ANNO 8 n° 53
Truffa milionaria ai danni di piccoli risparmiatori, Fazi ''Estraneo a tutto''
Il viterbese arrestato davanti al gip
24/01/2018 - 02:31

VITERBO – ''Sono totalmente estraneo ad ogni cosa. Mi limitavo a fare dei lavori su commissione''. Niente di più. Luca Fazi unico viterbese arrestato per il fallimento della Hi Real Spa si è presentato ieri mattina davanti al gip Rita Cialoni per l’interrogatorio di garanzia. Un interrogatorio per rogatoria, durante il quale ha chiarito la sua posizione. L’uomo, proprietario di una copisteria nel quartiere Paradiso, si è detto del tutto estraneo alla bufera giudiziaria che ha investito i vertici della società immobiliare milanese, l’Hi Real Spa, la prima del settore ad essere quotata in borsa e dichiarata fallita a maggio del 2016.

Fazi, assieme ad altri otto manager della società, è finito in manette a seguito di un’ordinanza firmata dal gip di Milano, Maria Carla Sacco: per la Procura lombarda, il management aziendale avrebbe messo in piedi un raggiro sofisticatissimo per truffare piccoli e medi risparmiatori. Tra i tanti, anche nella provincia di Viterbo.

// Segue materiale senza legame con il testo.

lemma mult_mod_mem_unity_roots_coset:
  assumes "prime p" "u \<in> unity_roots p r" "x \<in> unity_roots_coset p a r"
  shows "u * x mod p \<in> unity_roots_coset p a r"
proof -
  have "[(a * (u * x mod p)) ^ r = (a * (u * x)) ^ r] (mod p)"
    by (intro cong_pow) (simp add: Cong.cong_def mod_mult_right_eq)
  also have "(a * (u * x)) ^ r = u ^ r * (a * x) ^ r" by (simp add: power_mult_distrib mult_ac)
  also have "[u ^ r * (a * x) ^ r = 1 * 1] (mod p)"
    using assms(2,3) by (intro cong_mult) (auto simp: unity_roots_def unity_roots_coset_def)
  finally show ?thesis
    using assms mult_mod_prime_mem_nonzero_residues
    by (auto simp: unity_roots_def unity_roots_coset_def)
qed

lemma card_unity_roots_coset:
  assumes p: "prime p" and a: "a \<in> {1..p-1}"
  shows "card (unity_roots_coset p a r) = card (unity_roots p r)"
proof -
  obtain a' where a': "a' \<in> {1..p-1}" "[a * a' = 1] (mod p)"
    using exists_inverse_mod_prime[OF p a] by blast
  have sub: "unity_roots p r \<subseteq> {1..p-1}" "unity_roots_coset p a r \<subseteq> {1..p-1}"
    by (auto simp: unity_roots_def unity_roots_coset_def)
  have "(\<lambda>x. a * x mod p) ` unity_roots_coset p a r \<subseteq> unity_roots p r"
  proof
    fix y assume "y \<in> (\<lambda>x. a * x mod p) ` unity_roots_coset p a r"
    then obtain x where x: "x \<in> unity_roots_coset p a r" "y = a * x mod p" by blast
    have "[y ^ r = (a * x) ^ r] (mod p)" unfolding x(2) by (intro cong_pow) (simp add: Cong.cong_def)
    also have "[(a * x) ^ r = 1] (mod p)" using x(1) by (simp add: unity_roots_coset_def)
    finally show "y \<in> unity_roots p r"
      using x mult_mod_prime_mem_nonzero_residues[OF p a] by (auto simp: unity_roots_def unity_roots_coset_def)
  qed
  moreover have "(\<lambda>u. a' * u mod p) ` unity_roots p r \<subseteq> unity_roots_coset p a r"
  proof
    fix y assume "y \<in> (\<lambda>u. a' * u mod p) ` unity_roots p r"
    then obtain u where u: "u \<in> unity_roots p r" "y = a' * u mod p" by blast
    have "[a * y = (a * a') * u] (mod p)"
      unfolding u(2) by (simp add: Cong.cong_def mod_mult_right_eq mult_ac)
    also have "[(a * a') * u = 1 * u] (mod p)" using a'(2) by (intro cong_mult cong_refl)
    finally have "[(a * y) ^ r = u ^ r] (mod p)" by (intro cong_pow) simp
    also have "[u ^ r = 1] (mod p)" using u(1) by (simp add: unity_roots_def)
    finally show "y \<in> unity_roots_coset p a r"
      using u mult_mod_prime_mem_nonzero_residues[OF p a'(1)] by (auto simp: unity_roots_def unity_roots_coset_def)
  qed
  ultimately show ?thesis
    using inj_on_subset[OF inj_on_mult_mod_prime[OF p a] sub(2)]
      inj_on_subset[OF inj_on_mult_mod_prime[OF p a'(1)] sub(1)] finite_subset[OF sub(1)] finite_subset[OF sub(2)]
    by (intro antisym card_inj_on_le) auto
qed

lemma card_multiples_less:
  fixes b m :: nat
  assumes "b dvd m"
  shows "card {i. i < m \<and> b dvd i} = m div b"
proof (cases "b = 0")
  case False
  have "{i. i < m \<and> b dvd i} = (\<lambda>j. b * j) ` {..<m div b}"
    using assms False by (auto elim!: dvdE)
  thus ?thesis using False by (simp add: card_image inj_on_def)
qed (use assms in simp)

section \<open>Units solving a linear congruence\<close>

lemma coprime_if_no_common_prime_divisor:
  fixes a b :: nat
  assumes "\<And>q. prime q \<Longrightarrow> q dvd a \<Longrightarrow> q dvd b \<Longrightarrow> False"
  shows "coprime a b"
proof (rule ccontr)
  assume "\<not> coprime a b"
  hence "gcd a b \<noteq> 1" by (simp only: coprime_iff_gcd_eq_1 not_False_eq_True)
  then obtain q where q: "prime q" "q dvd gcd a b" using prime_factor_nat by blast
  show False
  proof (rule assms[OF q(1)])
    show "q dvd a" using q(2) gcd_dvd1 by (rule dvd_trans)
    show "q dvd b" using q(2) gcd_dvd2 by (rule dvd_trans)
  qed
qed

lemma prime_dvd_prod_primes_iff:
  fixes S :: "nat set"
  assumes "finite S" "\<forall>q\<in>S. prime q" "prime r"
  shows "r dvd \<Prod>S \<longleftrightarrow> r \<in> S"
proof
  assume "r dvd \<Prod>S"
  then obtain q where "q \<in> S" "r dvd q" using prime_dvd_prod_iff[OF assms(1,3)] by auto
  thus "r \<in> S" using assms primes_dvd_imp_eq by blast
qed (use assms dvd_prodI[of S r "\<lambda>x. x"] in simp)

lemma exists_coprime_cong:
  fixes n m j0 :: nat
  assumes "n > 0" "coprime j0 m"
  shows "\<exists>j. [j = j0] (mod m) \<and> coprime j n"
proof -
  define Q where "Q = {q \<in> prime_factors n. \<not> q dvd j0}"
  define j where "j = j0 + m * \<Prod>Q"
  have "finite Q" by (simp add: Q_def)
  (* A prime factor of n dividing j0 divides neither m nor \<Prod>Q; one not dividing j0 divides \<Prod>Q. *)
  have "coprime j n"
  proof (rule coprime_if_no_common_prime_divisor)
    fix q :: nat assume q: "prime q" "q dvd j" "q dvd n"
    have q_dvd_Q: "q dvd \<Prod>Q \<longleftrightarrow> q \<in> Q"
      using prime_dvd_prod_primes_iff[OF \<open>finite Q\<close> _ q(1)] by (auto simp: Q_def in_prime_factors_iff)
    show False
    proof (cases "q dvd j0")
      case True
      hence "\<not> q dvd m" using q(1) assms(2) by (meson coprime_common_divisor not_prime_unit)
      moreover have "q dvd m * \<Prod>Q" using q(2) True by (simp add: j_def dvd_add_right_iff)
      ultimately show False using True q(1) q_dvd_Q by (simp add: prime_dvd_mult_iff Q_def)
    next
      case False
      hence "q dvd m * \<Prod>Q" using q assms(1) q_dvd_Q by (simp add: Q_def in_prime_factors_iff)
      thus False using q(2) False by (simp add: j_def dvd_add_left_iff)
    qed
  qed
  moreover have "[j = j0] (mod m)" by (simp add: j_def Cong.cong_def)
  ultimately show ?thesis by blast
qed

Avrebbe creato un finto aumento di capitale, pari a 7 milioni e 620 mila euro, per mascherare una situazione finanziaria al collasso. Ma anche per truffare investitori e istituti di credito che così, rassicurati dalla solidità dell’azienda, acquistavano e cedevano azioni riconducibili a fondi di investimenti in realtà privi di valore.

Ed è per questo che i nove arrestati sono finiti in manette con le accuse di associazione a delinquere finalizzata al riciclaggio di denaro, alla falsificazione di documenti, alla truffa, alla bancarotta fraudolenta e all'esercizio abusivo di attività finanziaria.

La Guardia di Finanza milanese ha proceduto nei giorni scorsi al sequestro di capitali per oltre 16 milioni di euro, l’equivalente di quanto secondo l’accusa ''la cricca avrebbe sottratto illecitamente e con l’inganno'' ad ignari risparmiatori, ''creando falsa documentazione economico-contabile e dissimulando lo stato di insolvenza''.

A finire in carcere il broker Marco Sturlese, Franco Maria Mattioli, Alberto Terzilli, mentre per Gianluca Palombo, Augusto Testa, Francesco Paganucci, Alessandro Colamonici, Claudio Nunzio Pezzella e il viterbese Luca Fazi sono stati disposti gli arresti domiciliari.

Ieri gli interrogatori, durante i quali l’imprenditore, assistito dal suo legale Marco Valerio Mazzatosta, si sarebbe detto estraneo alla vicenda.